Coffee stimulates the production of cortisol, the stress hormone. Drinking coffee in the morning and early afternoon is thought by many health and diet professionals (including the guy who was my personal trainer for a while when I really needed some help losing weight) to be a good thing for the metabolism where as drinking it later in the afternoon and in the evening is considered a bad thing, as cortisol production is being stimulated later on in the day, which can impact on sleep and in turn affect metabolism. I’ve experienced the effects of this first hand, a while back I became a bit of a porker, and I decided to invest in a personal trainer to help me for a few months. He tested my fat levels with caliper pinch tests before each work out, and when I was ignoring his advice to not drink coffee later into the afternoon, it did seem to have a negative impact on my weight loss as opposed to when I was following this advice.
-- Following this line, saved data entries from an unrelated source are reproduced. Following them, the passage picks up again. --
(* Let $(X,\mathfrak{m})$ be a measurable space with $\mathfrak{m}$ an infinite $\sigma$-algebra containing every finite subset of $X$, and let $X^*=\mathfrak{m}^\beta\setminus e(X)$. Then every countable union of nowhere dense subsets of $X^*$ is nowhere dense in $X^*$.
   Context: An $\mathfrak{m}$-filter is a family $p\subseteq\mathfrak{m}$ with $\emptyset\notin p$, $X\in p$, closed under supersets belonging to $\mathfrak{m}$ and under finite intersections; an $\mathfrak{m}$-ultrafilter is a maximal $\mathfrak{m}$-filter; $\mathfrak{m}^\beta$ is the set of all $\mathfrak{m}$-ultrafilters, topologized by the base $\{\widehat{A}:A\in\mathfrak{m}\}$ where $\widehat{A}=\{p\in\mathfrak{m}^\beta:A\in p\}$. The map $e:X\to\mathfrak{m}^\beta$ is $e(x)=\{A\in\mathfrak{m}:x\in A\}$. $X^*$ carries the subspace topology. *)

theory Defs
  imports "HOL-Analysis.Analysis"
begin

definition m_filter :: "'a set \<Rightarrow> 'a set set \<Rightarrow> 'a set set \<Rightarrow> bool" where
  "m_filter X M p \<longleftrightarrow> p \<subseteq> M \<and> {} \<notin> p \<and> X \<in> p
     \<and> (\<forall>A\<in>p. \<forall>B\<in>M. A \<subseteq> B \<longrightarrow> B \<in> p)
     \<and> (\<forall>A\<in>p. \<forall>B\<in>p. A \<inter> B \<in> p)"

definition m_ultrafilter :: "'a set \<Rightarrow> 'a set set \<Rightarrow> 'a set set \<Rightarrow> bool" where
  "m_ultrafilter X M p \<longleftrightarrow> m_filter X M p \<and> (\<forall>q. m_filter X M q \<and> p \<subseteq> q \<longrightarrow> q = p)"

definition mbeta :: "'a set \<Rightarrow> 'a set set \<Rightarrow> 'a set set set" where
  "mbeta X M = {p. m_ultrafilter X M p}"

definition mhat :: "'a set \<Rightarrow> 'a set set \<Rightarrow> 'a set \<Rightarrow> 'a set set set" where
  "mhat X M A = {p \<in> mbeta X M. A \<in> p}"

definition mbeta_topology :: "'a set \<Rightarrow> 'a set set \<Rightarrow> 'a set set topology" where
  "mbeta_topology X M = topology_generated_by {mhat X M A | A. A \<in> M}"

definition membed :: "'a set set \<Rightarrow> 'a \<Rightarrow> 'a set set" where
  "membed M x = {A \<in> M. x \<in> A}"

definition Xstar :: "'a set \<Rightarrow> 'a set set \<Rightarrow> 'a set set set" where
  "Xstar X M = mbeta X M - membed M ` X"

definition Xstar_topology :: "'a set \<Rightarrow> 'a set set \<Rightarrow> 'a set set topology" where
  "Xstar_topology X M = subtopology (mbeta_topology X M) (Xstar X M)"

definition nowhere_dense :: "'b topology \<Rightarrow> 'b set \<Rightarrow> bool" where
  "nowhere_dense T S \<longleftrightarrow> S \<subseteq> topspace T \<and> T interior_of (T closure_of S) = {}"

end

theory Submission
  imports Defs
begin
(* Let $n\ge2$, $1<\mathscr{P}\le n-1$, $N=\binom{n}{\mathscr{P}}$, let $0\le l<k\le N$ be integers and $p,q$ constants with $p=q-l$. Let $\varphi\in C^0(\mathbb{S}^n)$ be positive. Suppose that for $i=1,2$, $u_i$ is a positive admissible solution of $$\frac{\sigma_k(\Lambda(\nabla^2u_i+u_iI))}{\sigma_l(\Lambda(\nabla^2u_i+u_iI))}=u_i^{p-1}(u_i^2+|\nabla u_i|^2)^{\frac{k+1-q}{2}}\gamma_i\varphi\quad\text{on }\mathbb{S}^n,$$ where $\gamma_1,\gamma_2$ are constants. Then $\gamma_1=\gamma_2$.
   Context: $\mathbb{S}^n$ is the unit sphere with its standard metric; $\nabla u$, $\nabla^2u$ are the gradient and covariant Hessian in a local orthonormal frame; $I$ is the identity. Let $\mathbf{I}_1,\dots,\mathbf{I}_N$ enumerate the multi-indices $1\le i_1<\dots<i_{\mathscr{P}}\le n$. For a symmetric matrix $A$ with eigenvalues $\lambda$, $\Lambda(A)=(\Lambda_{\mathbf{I}_1},\dots,\Lambda_{\mathbf{I}_N})$ with $\Lambda_{\mathbf{I}}=\lambda_{i_1}+\dots+\lambda_{i_{\mathscr{P}}}$. $\sigma_m$ is the $m$-th elementary symmetric polynomial, $\sigma_0=1$; $\Gamma_k=\{\mu\in\mathbb{R}^N:\sigma_j(\mu)>0,\ 1\le j\le k\}$. A function $u\in C^2(\mathbb{S}^n)$ is admissible if $\Lambda(\nabla^2u+uI)\in\Gamma_k$ at every point. *)

theory Defs
  imports "HOL-Analysis.Analysis"
begin

definition C2_on :: "'a::euclidean_space set \<Rightarrow> ('a \<Rightarrow> real) \<Rightarrow> bool" where
  "C2_on S f \<longleftrightarrow> open S \<and>
     (\<exists>f' :: 'a \<Rightarrow> ('a \<Rightarrow>\<^sub>L real). \<exists>f'' :: 'a \<Rightarrow> ('a \<Rightarrow>\<^sub>L ('a \<Rightarrow>\<^sub>L real)).
        (\<forall>x\<in>S. (f has_derivative blinfun_apply (f' x)) (at x)) \<and>
        (\<forall>x\<in>S. (f' has_derivative blinfun_apply (f'' x)) (at x)) \<and>
        continuous_on S f'')"

definition C2_sphere :: "('a::euclidean_space \<Rightarrow> real) \<Rightarrow> bool" where
  "C2_sphere u \<longleftrightarrow> (\<exists>S. open S \<and> sphere 0 1 \<subseteq> S \<and> C2_on S u)"
lemma edge_drift_ge:
  fixes a k :: real
  assumes "2 \<le> a" and "a + 1 \<le> k"
  shows "(k ^ 3 - k) / 12 \<le> edge_block_drift a k + boundary_drift_bound a a k"
proof -
  define e d where "e = a - 2" and "d = k - a - 1"
  have "0 \<le> e" "0 \<le> d" and a: "a = e + 2" and k: "k = e + d + 3"
    using assms by (auto simp: e_def d_def)
  \<comment> \<open>the difference of the two sides, as a polynomial in \<open>e, d \<ge> 0\<close>\<close>
  then have "0 \<le> 3/8 + d/6 + 3/8*d^2 + d^3/12 + 37/24*e + 7/8*e*d + e*d^2/4 + 3/4*e^2 + e^2*d/4 + e^3/12"
    by (intro add_nonneg_nonneg mult_nonneg_nonneg) auto
  then have "(k ^ 3 - k) / 12 \<le> edge_block_drift a k
      + ((k - a) * ((k\<^sup>2 - 1) / 12 - 3 * a\<^sup>2 / 4)
         + ((k - a) * ((k + a - 1) / 2)\<^sup>2 + (k - a) * ((k - a)\<^sup>2 - 1) / 12) / 4
         - (a + 1) * (2 * k + 1) * (k - a) / 8)"
    unfolding edge_block_drift_def a k by (simp add: field_simps power2_eq_square power3_eq_cube)
  moreover have "a\<^sup>2 * (2 * k + 1) * (k - a) / (4 * (2 * a - 1)) \<le> (a + 1) * (2 * k + 1) * (k - a) / 8"
    using assms by (intro edge_correction_le) auto
  ultimately show ?thesis
    unfolding boundary_drift_bound_def by linarith
qed

lemma corner_drift_ge:
  fixes k :: real
  assumes "2 \<le> k"
  shows "(k ^ 3 - k) / 12 \<le> edge_block_drift 1 k + boundary_drift_bound 1 2 k"
proof -
  define d where "d = k - 2"
  have "0 \<le> d" and k: "k = d + 2"
    using assms by (auto simp: d_def)
  \<comment> \<open>the difference of the two sides, as a polynomial in \<open>d \<ge> 0\<close>\<close>
  then have "0 \<le> 1 + 13/24*d + 3/8*d^2 + d^3/12"
    by (intro add_nonneg_nonneg mult_nonneg_nonneg) auto
  then show ?thesis
    unfolding edge_block_drift_def boundary_drift_bound_def k by (simp add: field_simps power2_eq_square power3_eq_cube)
qed
theorem theorem2p10:
  fixes n :: nat and S T :: "nat set"
  assumes "S \<noteq> {}" and "T \<noteq> {}"
    and "S \<subseteq> {1..n-1}" and "T \<subseteq> {1..n-1}"
    and "Max S + Min T \<le> n" and "Min S + Max T \<le> n"
  shows "\<exists>M::nat. M > 0 \<and> (\<forall>m>M. is_toeplitz n (bpow n (toep n S T) m))"
proof -
  interpret toeplitz_walk n S T
    using assms by unfold_locales
  have "is_toeplitz n (bpow n (toep n S T) m)" if "threshold < m" for m
    using bpow_iff_steps that unfolding is_toeplitz_def by (metis less_imp_le)
  then show ?thesis
    using threshold_pos by blast
qed

end
lemma insert_at_max_in_Av123:
  assumes w: "w \<in> Av123 N" and s: "s \<le> desc_run w"
  shows "insert_at (Suc N) s w \<in> Av123 (Suc N)"
proof -
  have less: "\<forall>x\<in>set w. x < Suc N" and fresh: "Suc N \<notin> set w" and dist: "distinct w"
    using w by (auto simp: Av123_def)
  have "distinct (insert_at (Suc N) s w)"
    using dist fresh
    by (auto simp: insert_at_def set_take_disj_set_drop_if_distinct dest: in_set_takeD in_set_dropD)
  moreover have "set (insert_at (Suc N) s w) = {1..Suc N}"
    using w by (auto simp: set_insert_at Av123_def)
  moreover have "avoids_123 (insert_at (Suc N) s w)"
    using avoids_123_insert_at_max[OF less s] w by (simp add: Av123_def)
  ultimately show ?thesis by (simp add: Av123_def)
qed

lemma Av123_Suc_obtain_insert_at_max:
  assumes v: "v \<in> Av123 (Suc N)"
  obtains w s where "w \<in> Av123 N" "s \<le> desc_run w" "v = insert_at (Suc N) s w"
proof -
  have "Suc N \<in> set v" using v by (auto simp: Av123_def)
  then obtain xs ys where split: "v = xs @ Suc N # ys" by (meson split_list)
  define w where "w = xs @ ys"
  have v_eq: "v = insert_at (Suc N) (length xs) w" by (simp add: split insert_at_def w_def)
  have dist: "distinct w" and "Suc N \<notin> set w"
    using v by (auto simp: split w_def Av123_def)
  moreover have "set v = insert (Suc N) (set w)" by (auto simp: split w_def)
  ultimately have "set w = set v - {Suc N}" by blast
  then have set_w: "set w = {1..N}" using v by (auto simp: Av123_def atLeastAtMostSuc_conv)
  have "avoids_123 (insert_at (Suc N) (length xs) w)"
    using v by (simp add: Av123_def v_eq[symmetric])
  moreover have "\<forall>x\<in>set w. x < Suc N" "length xs \<le> length w"
    using set_w by (auto simp: w_def)
  ultimately have "avoids_123 w" "length xs \<le> desc_run w"
    using avoids_123_of_insert_at le_desc_run_of_avoids_123_insert_at_max dist by blast+
  then show ?thesis using that dist set_w v_eq by (simp add: Av123_def)
qed

text \<open>Every 123-avoiding permutation of \<open>[N+1]\<close> arises exactly once by inserting \<open>N+1\<close> into a
  123-avoiding permutation \<open>w\<close> of \<open>[N]\<close>, inside or just after its initial descending run.\<close>

lemma card_Av123_Suc_insert:
  "card {v \<in> Av123 (Suc N). P v} =
    (\<Sum>w\<in>Av123 N. card {s. s \<le> desc_run w \<and> P (insert_at (Suc N) s w)})"
proof -
  let ?S = "SIGMA w:Av123 N. {s. s \<le> desc_run w \<and> P (insert_at (Suc N) s w)}"
  let ?f = "\<lambda>(w, s). insert_at (Suc N) s w"
  have le_length: "s \<le> length w" if "s \<le> desc_run w" for s w
    using that desc_run_le_length order_trans by blast
  have "bij_betw ?f ?S {v \<in> Av123 (Suc N). P v}"
  proof (rule bij_betw_imageI)
    show "inj_on ?f ?S"
    proof (rule inj_onI, clarsimp)
      fix w s w' s'
      assume "w \<in> Av123 N" "s \<le> desc_run w" "s' \<le> desc_run w'"
        and eq: "insert_at (Suc N) s w = insert_at (Suc N) s' w'"
      then have "Suc N \<notin> set w" by (auto simp: Av123_def)
      then show "w = w' \<and> s = s'"
        using insert_at_inj[OF _ le_length le_length eq] \<open>s \<le> desc_run w\<close> \<open>s' \<le> desc_run w'\<close>
        by blast
    qed
    show "?f ` ?S = {v \<in> Av123 (Suc N). P v}"
    proof (intro equalityI subsetI)
      fix v assume "v \<in> ?f ` ?S"
      then show "v \<in> {v \<in> Av123 (Suc N). P v}" using insert_at_max_in_Av123 by auto
    next
      fix v assume v: "v \<in> {v \<in> Av123 (Suc N). P v}"
      then obtain w s where "w \<in> Av123 N" "s \<le> desc_run w" "v = insert_at (Suc N) s w"
        using Av123_Suc_obtain_insert_at_max by blast
      then show "v \<in> ?f ` ?S" using v by force
    qed
  qed
  then have "card {v \<in> Av123 (Suc N). P v} = card ?S" by (simp add: bij_betw_same_card)
  also have "\<dots> = (\<Sum>w\<in>Av123 N. card {s. s \<le> desc_run w \<and> P (insert_at (Suc N) s w)})"
    by (rule card_SigmaI) (auto simp: finite_Av123)
  finally show ?thesis .
qed
(* Let $r>0$ and let $G$ be a hyperbolic uniform disk graph with radius $r$. Let $p\in\mathbb{H}^2$, let $\varphi\in(0,\pi/2]$, and let $m$ be a line through $p$ such that for every vertex $v$ of $G$ (disk center, assumed distinct from $p$) the line through $p$ and $v$ makes an angle of at least $\varphi$ with $m$. Then the subgraph of $G$ induced by the vertices at hyperbolic distance at most $r$ from $m$ can be covered with $\mathcal{O}\big(\log\frac{1}{\varphi}\cdot\big(1+\frac{1}{r}\big)\big)$ cliques.
   Context: $\mathbb{H}^2$ denotes the hyperbolic plane of Gaussian curvature $-1$. A hyperbolic uniform disk graph with radius $r$ is the intersection graph of a finite family of closed hyperbolic disks of radius $r$ in $\mathbb{H}^2$: vertices are the disks (identified with their centers), and two vertices are adjacent iff their centers have hyperbolic distance at most $2r$. The $\mathcal{O}$-bound has an absolute implied constant (independent of $G$, $r$, $p$, $m$) and is understood asymptotically as $\varphi\to 0$. *)

theory Defs
  imports "HOL-Analysis.Analysis"
begin

text \<open>Hyperboloid model of the hyperbolic plane H^2 (curvature -1) in R^3
  with Minkowski bilinear form of signature (-,+,+).\<close>

definition mink :: "real^3 \<Rightarrow> real^3 \<Rightarrow> real" where
  "mink x y = - (x$1 * y$1) + x$2 * y$2 + x$3 * y$3"

definition H2 :: "(real^3) set" where
  "H2 = {x. mink x x = -1 \<and> x$1 > 0}"

definition hdist :: "real^3 \<Rightarrow> real^3 \<Rightarrow> real" where
  "hdist x y = arcosh (- mink x y)"

definition tangent_unit :: "real^3 \<Rightarrow> real^3 \<Rightarrow> bool" where
  "tangent_unit p t \<longleftrightarrow> mink p t = 0 \<and> mink t t = 1"

definition hline :: "real^3 \<Rightarrow> real^3 \<Rightarrow> (real^3) set" where
  "hline p t = range (\<lambda>s::real. cosh s *\<^sub>R p + sinh s *\<^sub>R t)"

text \<open>Tangent vector at p of the geodesic from p towards v (not normalised).\<close>
definition dir_to :: "real^3 \<Rightarrow> real^3 \<Rightarrow> real^3" where
  "dir_to p v = v + mink p v *\<^sub>R p"

definition line_angle :: "real^3 \<Rightarrow> real^3 \<Rightarrow> real^3 \<Rightarrow> real" where
  "line_angle p v t = arccos (\<bar>mink (dir_to p v) t\<bar> / sqrt (mink (dir_to p v) (dir_to p v)))"

definition hdist_set :: "real^3 \<Rightarrow> (real^3) set \<Rightarrow> real" where
  "hdist_set v L = Inf ((\<lambda>x. hdist v x) ` L)"

text \<open>Uniform disk graph of radius r on vertex set V: adjacency iff hdist \<le> 2r.
  A clique cover of the induced subgraph on S.\<close>
definition is_clique :: "real \<Rightarrow> (real^3) set \<Rightarrow> bool" where
  "is_clique r K \<longleftrightarrow> (\<forall>x\<in>K. \<forall>y\<in>K. x \<noteq> y \<longrightarrow> hdist x y \<le> 2 * r)"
Coffee Hack no.7 – Drink Coffee in Sync With Your Circadian Rythm

OK this is similar to the hack above – but slightly different. While hack no 6 basically says watch it when it comes to drinking coffee later in the day, this hack is more scientific and suggests that you can time your coffee consumption throughout the day to get the very best effect from the coffee, and not just the health benefit, but also in terms of maximizing the feel good factor.

The idea is (and this comes from a scientist) is that we have levels of peak alertness throughout the day, which is linked to our natural cortisol production, which relates to our circadian rhythm. If we drink coffee when we’re already at peak alertness thanks to cortisol release, then it’s not going to be noticed by the body, we won’t get the buzz we expect as we’re already at peak alertness, and even worse, it could result in a tolerance developing which means a continual reduction in the effectiveness of coffee to give you that boost you’re used to.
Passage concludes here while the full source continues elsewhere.